═══ Data records ═══

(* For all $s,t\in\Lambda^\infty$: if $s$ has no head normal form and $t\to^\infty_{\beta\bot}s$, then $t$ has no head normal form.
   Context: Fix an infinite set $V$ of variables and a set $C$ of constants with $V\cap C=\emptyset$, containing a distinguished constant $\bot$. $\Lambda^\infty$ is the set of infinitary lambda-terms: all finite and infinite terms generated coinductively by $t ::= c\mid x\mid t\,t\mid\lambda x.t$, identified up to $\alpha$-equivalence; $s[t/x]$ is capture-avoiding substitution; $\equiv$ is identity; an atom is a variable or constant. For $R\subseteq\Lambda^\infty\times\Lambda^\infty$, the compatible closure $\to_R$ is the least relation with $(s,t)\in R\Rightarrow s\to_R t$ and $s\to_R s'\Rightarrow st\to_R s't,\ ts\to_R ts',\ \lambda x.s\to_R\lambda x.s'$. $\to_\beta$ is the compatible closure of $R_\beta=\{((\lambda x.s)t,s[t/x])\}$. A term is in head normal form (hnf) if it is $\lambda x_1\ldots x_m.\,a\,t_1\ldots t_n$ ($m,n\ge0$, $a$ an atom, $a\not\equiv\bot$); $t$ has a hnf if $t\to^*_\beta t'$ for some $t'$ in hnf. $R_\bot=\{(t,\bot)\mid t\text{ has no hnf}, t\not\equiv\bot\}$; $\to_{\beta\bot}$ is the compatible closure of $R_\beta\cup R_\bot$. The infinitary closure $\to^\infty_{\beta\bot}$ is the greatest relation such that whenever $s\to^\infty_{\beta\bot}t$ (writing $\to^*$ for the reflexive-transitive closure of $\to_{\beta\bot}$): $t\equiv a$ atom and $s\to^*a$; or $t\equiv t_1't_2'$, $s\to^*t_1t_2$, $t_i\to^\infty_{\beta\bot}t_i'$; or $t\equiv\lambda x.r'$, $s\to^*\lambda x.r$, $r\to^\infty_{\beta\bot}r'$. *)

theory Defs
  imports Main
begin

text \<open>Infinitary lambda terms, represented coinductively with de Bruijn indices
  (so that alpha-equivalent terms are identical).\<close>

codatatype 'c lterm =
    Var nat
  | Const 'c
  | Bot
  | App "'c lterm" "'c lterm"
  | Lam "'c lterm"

═══
═══ Data records ═══

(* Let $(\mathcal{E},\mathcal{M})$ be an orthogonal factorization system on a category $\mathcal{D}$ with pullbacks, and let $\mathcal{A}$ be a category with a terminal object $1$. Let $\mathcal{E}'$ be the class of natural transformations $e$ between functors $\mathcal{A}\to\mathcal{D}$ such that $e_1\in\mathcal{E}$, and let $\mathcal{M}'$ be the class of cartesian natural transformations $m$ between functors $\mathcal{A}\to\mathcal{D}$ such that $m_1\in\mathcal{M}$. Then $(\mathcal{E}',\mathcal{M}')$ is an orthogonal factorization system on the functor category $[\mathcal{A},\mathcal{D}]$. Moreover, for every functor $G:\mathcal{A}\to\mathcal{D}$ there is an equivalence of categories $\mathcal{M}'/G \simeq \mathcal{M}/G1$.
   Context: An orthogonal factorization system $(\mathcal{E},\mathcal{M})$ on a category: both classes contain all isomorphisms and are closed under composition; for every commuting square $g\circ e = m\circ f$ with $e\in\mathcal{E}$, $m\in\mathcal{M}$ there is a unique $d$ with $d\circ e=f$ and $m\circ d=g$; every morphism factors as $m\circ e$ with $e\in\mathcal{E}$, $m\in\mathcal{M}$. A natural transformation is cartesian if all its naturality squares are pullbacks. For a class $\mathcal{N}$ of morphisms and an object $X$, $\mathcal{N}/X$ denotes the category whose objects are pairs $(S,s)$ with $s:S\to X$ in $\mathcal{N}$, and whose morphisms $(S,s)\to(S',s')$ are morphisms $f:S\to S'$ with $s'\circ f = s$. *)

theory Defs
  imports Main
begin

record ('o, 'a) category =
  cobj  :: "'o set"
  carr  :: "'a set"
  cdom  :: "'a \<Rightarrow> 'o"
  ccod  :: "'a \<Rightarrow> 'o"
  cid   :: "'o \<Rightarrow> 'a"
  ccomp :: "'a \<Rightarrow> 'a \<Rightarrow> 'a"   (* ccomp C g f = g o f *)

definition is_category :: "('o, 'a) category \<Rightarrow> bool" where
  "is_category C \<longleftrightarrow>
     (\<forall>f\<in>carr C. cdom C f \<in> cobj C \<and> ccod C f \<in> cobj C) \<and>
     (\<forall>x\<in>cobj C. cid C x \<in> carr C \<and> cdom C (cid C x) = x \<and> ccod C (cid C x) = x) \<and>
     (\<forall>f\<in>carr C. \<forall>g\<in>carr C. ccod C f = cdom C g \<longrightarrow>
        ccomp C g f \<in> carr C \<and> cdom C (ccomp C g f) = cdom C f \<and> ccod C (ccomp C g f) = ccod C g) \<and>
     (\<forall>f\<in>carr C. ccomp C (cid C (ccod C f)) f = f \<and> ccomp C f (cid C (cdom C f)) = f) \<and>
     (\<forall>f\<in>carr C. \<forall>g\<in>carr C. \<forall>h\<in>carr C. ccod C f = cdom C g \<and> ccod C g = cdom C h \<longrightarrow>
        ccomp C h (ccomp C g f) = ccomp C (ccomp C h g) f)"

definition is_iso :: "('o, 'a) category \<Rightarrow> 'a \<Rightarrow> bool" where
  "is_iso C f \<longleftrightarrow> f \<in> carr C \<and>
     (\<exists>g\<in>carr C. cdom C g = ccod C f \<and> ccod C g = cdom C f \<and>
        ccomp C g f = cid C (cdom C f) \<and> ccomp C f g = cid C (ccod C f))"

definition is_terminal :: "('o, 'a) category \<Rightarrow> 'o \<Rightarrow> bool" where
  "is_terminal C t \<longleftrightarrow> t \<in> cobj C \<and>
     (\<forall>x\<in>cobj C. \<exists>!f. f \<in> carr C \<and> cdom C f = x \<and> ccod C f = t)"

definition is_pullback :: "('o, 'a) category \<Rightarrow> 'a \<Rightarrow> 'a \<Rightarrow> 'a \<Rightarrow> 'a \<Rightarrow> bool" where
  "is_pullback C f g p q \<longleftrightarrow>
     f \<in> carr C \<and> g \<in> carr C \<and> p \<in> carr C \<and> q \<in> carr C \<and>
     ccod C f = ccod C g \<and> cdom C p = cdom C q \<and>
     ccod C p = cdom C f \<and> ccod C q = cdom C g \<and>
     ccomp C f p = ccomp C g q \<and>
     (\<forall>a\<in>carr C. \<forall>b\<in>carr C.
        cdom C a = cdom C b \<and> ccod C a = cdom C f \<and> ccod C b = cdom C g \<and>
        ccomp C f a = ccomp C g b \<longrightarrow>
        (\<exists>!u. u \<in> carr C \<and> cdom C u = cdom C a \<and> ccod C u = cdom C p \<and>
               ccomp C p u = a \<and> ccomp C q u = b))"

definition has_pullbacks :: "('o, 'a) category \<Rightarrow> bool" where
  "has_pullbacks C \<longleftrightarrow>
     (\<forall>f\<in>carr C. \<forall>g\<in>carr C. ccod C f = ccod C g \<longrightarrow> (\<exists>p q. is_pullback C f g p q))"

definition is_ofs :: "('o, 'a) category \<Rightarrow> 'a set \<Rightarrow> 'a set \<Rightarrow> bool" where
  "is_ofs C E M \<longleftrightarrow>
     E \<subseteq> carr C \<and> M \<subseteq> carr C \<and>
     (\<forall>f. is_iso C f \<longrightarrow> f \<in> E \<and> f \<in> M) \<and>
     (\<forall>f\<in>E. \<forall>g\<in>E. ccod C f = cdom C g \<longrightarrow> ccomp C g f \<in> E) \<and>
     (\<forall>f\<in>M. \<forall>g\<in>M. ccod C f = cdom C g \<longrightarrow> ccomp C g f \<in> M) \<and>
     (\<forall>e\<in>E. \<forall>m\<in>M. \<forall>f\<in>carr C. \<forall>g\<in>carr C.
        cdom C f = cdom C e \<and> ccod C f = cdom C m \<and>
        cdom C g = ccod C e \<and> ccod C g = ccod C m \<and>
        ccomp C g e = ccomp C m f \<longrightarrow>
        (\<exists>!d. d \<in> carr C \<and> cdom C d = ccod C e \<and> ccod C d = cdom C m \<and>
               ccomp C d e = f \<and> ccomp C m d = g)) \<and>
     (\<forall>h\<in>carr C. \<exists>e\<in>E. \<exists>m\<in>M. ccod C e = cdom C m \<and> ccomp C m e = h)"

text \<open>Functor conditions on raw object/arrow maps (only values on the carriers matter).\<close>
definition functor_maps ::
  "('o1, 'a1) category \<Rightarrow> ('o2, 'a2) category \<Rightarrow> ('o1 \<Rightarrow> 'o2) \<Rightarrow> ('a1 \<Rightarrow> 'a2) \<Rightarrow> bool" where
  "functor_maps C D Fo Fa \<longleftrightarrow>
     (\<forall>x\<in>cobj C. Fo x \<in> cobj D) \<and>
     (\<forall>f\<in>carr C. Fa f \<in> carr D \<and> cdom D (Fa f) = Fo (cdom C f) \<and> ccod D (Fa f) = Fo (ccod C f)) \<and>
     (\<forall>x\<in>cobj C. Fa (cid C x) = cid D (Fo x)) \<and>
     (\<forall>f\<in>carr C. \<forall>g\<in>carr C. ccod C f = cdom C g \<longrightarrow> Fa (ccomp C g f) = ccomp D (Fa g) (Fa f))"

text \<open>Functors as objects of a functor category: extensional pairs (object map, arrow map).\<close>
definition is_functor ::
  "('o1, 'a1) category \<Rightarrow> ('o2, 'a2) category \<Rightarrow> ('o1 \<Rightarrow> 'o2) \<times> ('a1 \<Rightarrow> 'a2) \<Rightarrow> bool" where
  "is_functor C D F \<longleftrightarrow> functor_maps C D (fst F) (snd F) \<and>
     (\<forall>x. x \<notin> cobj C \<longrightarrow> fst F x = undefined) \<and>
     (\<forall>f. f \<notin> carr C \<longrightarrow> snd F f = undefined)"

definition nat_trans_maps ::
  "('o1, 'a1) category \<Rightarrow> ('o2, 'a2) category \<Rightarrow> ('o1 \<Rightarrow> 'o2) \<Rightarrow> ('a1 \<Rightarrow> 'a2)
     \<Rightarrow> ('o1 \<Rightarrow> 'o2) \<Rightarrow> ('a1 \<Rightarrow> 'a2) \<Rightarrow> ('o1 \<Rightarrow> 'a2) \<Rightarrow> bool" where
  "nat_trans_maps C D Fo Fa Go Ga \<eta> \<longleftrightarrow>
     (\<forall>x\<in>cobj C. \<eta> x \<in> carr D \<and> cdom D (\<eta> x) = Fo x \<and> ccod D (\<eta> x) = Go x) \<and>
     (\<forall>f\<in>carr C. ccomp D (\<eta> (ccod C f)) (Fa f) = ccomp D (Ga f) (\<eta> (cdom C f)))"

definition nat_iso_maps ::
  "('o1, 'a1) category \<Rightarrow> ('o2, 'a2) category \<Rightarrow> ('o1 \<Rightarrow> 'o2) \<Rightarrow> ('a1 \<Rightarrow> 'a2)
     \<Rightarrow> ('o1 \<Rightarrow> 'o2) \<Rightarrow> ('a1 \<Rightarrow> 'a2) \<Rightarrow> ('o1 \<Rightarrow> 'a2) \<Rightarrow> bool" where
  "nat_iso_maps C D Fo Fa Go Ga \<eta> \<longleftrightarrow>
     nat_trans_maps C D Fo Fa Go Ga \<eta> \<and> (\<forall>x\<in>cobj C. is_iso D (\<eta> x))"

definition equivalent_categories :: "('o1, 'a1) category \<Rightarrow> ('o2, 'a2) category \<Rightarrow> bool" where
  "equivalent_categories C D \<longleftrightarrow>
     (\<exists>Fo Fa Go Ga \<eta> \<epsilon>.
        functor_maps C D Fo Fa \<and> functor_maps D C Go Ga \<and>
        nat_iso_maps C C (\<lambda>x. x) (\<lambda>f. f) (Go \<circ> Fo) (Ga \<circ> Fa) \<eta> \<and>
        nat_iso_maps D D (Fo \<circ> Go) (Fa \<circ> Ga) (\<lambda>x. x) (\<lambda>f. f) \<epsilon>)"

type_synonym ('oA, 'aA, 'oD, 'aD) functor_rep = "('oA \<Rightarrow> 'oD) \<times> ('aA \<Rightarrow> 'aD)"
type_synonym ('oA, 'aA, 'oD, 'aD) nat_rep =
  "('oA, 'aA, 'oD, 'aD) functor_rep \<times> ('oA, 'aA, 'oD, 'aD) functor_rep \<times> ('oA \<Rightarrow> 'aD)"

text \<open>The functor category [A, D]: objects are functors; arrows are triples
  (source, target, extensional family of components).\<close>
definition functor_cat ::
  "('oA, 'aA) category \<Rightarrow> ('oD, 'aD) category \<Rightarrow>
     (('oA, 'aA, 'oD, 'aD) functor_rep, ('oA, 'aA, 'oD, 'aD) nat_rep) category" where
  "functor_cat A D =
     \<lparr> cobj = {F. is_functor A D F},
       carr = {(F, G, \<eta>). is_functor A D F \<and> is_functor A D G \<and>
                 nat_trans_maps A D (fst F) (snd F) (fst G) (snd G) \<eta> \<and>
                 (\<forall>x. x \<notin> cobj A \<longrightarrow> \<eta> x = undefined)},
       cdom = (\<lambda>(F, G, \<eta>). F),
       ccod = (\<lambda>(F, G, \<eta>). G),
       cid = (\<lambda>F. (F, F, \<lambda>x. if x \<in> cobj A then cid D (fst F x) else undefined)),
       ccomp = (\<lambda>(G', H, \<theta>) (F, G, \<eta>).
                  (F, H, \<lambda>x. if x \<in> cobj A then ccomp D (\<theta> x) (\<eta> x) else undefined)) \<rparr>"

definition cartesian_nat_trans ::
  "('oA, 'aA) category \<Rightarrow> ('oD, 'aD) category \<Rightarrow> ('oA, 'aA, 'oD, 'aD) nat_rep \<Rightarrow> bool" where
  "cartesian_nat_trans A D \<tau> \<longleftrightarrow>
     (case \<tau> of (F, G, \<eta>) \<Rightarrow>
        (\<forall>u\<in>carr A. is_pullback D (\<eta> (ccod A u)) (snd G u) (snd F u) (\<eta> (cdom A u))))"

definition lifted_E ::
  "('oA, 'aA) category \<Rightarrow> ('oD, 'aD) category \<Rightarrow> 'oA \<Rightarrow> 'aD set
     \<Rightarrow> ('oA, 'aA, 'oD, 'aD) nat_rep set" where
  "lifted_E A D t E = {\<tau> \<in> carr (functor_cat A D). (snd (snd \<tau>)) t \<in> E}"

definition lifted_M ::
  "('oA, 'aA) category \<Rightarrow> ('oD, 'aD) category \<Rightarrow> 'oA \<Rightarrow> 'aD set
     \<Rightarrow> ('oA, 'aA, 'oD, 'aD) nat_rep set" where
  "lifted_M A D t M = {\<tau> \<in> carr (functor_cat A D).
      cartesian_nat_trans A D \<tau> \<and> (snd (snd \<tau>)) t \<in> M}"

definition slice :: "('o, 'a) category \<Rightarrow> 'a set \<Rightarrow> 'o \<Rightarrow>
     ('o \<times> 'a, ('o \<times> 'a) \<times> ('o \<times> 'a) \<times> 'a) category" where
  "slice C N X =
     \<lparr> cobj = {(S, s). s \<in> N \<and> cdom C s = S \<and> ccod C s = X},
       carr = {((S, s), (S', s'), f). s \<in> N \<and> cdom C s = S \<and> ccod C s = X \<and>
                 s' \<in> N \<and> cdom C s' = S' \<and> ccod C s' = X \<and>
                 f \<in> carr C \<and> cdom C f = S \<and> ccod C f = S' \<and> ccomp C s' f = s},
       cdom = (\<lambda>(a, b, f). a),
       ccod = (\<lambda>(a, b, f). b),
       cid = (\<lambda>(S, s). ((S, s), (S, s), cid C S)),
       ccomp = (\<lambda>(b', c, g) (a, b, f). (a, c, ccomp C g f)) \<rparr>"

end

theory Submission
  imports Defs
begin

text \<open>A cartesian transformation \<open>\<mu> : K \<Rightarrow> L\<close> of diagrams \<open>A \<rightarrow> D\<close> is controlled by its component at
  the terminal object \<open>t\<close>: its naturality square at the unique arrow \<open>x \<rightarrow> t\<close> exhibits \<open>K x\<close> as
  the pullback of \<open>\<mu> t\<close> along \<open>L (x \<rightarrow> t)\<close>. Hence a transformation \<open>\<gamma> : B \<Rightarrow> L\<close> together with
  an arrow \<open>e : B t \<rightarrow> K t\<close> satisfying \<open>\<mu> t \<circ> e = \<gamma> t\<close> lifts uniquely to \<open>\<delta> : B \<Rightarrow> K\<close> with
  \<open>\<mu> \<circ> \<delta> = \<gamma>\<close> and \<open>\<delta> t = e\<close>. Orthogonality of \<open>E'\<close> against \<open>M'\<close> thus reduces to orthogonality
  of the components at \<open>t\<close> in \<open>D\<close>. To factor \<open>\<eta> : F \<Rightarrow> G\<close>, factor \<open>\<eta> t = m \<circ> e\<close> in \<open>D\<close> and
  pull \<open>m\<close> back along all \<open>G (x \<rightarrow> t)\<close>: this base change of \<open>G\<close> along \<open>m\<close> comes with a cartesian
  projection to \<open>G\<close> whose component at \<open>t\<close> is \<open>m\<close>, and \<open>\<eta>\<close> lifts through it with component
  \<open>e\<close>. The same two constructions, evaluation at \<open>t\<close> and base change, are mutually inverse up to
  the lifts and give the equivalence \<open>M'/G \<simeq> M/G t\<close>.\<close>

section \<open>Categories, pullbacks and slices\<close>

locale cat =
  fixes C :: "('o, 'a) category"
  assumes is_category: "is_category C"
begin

═══

▶ _Task to complete_
All lines in the listing above between the line with "D \<tau> \<longleftrightarrow>" and the line with "cartesian_nat_trans A D \<tau> \<and>", inclusive, should be set down exactly, and no line outside that range.

▶ _Solution to this task_
  "cartesian_nat_trans A D \<tau> \<longleftrightarrow>
     (case \<tau> of (F, G, \<eta>) \<Rightarrow>
        (\<forall>u\<in>carr A. is_pullback D (\<eta> (ccod A u)) (snd G u) (snd F u) (\<eta> (cdom A u))))"

definition lifted_E ::
  "('oA, 'aA) category \<Rightarrow> ('oD, 'aD) category \<Rightarrow> 'oA \<Rightarrow> 'aD set
     \<Rightarrow> ('oA, 'aA, 'oD, 'aD) nat_rep set" where
  "lifted_E A D t E = {\<tau> \<in> carr (functor_cat A D). (snd (snd \<tau>)) t \<in> E}"

definition lifted_M ::
  "('oA, 'aA) category \<Rightarrow> ('oD, 'aD) category \<Rightarrow> 'oA \<Rightarrow> 'aD set
     \<Rightarrow> ('oA, 'aA, 'oD, 'aD) nat_rep set" where
  "lifted_M A D t M = {\<tau> \<in> carr (functor_cat A D).
      cartesian_nat_trans A D \<tau> \<and> (snd (snd \<tau>)) t \<in> M}"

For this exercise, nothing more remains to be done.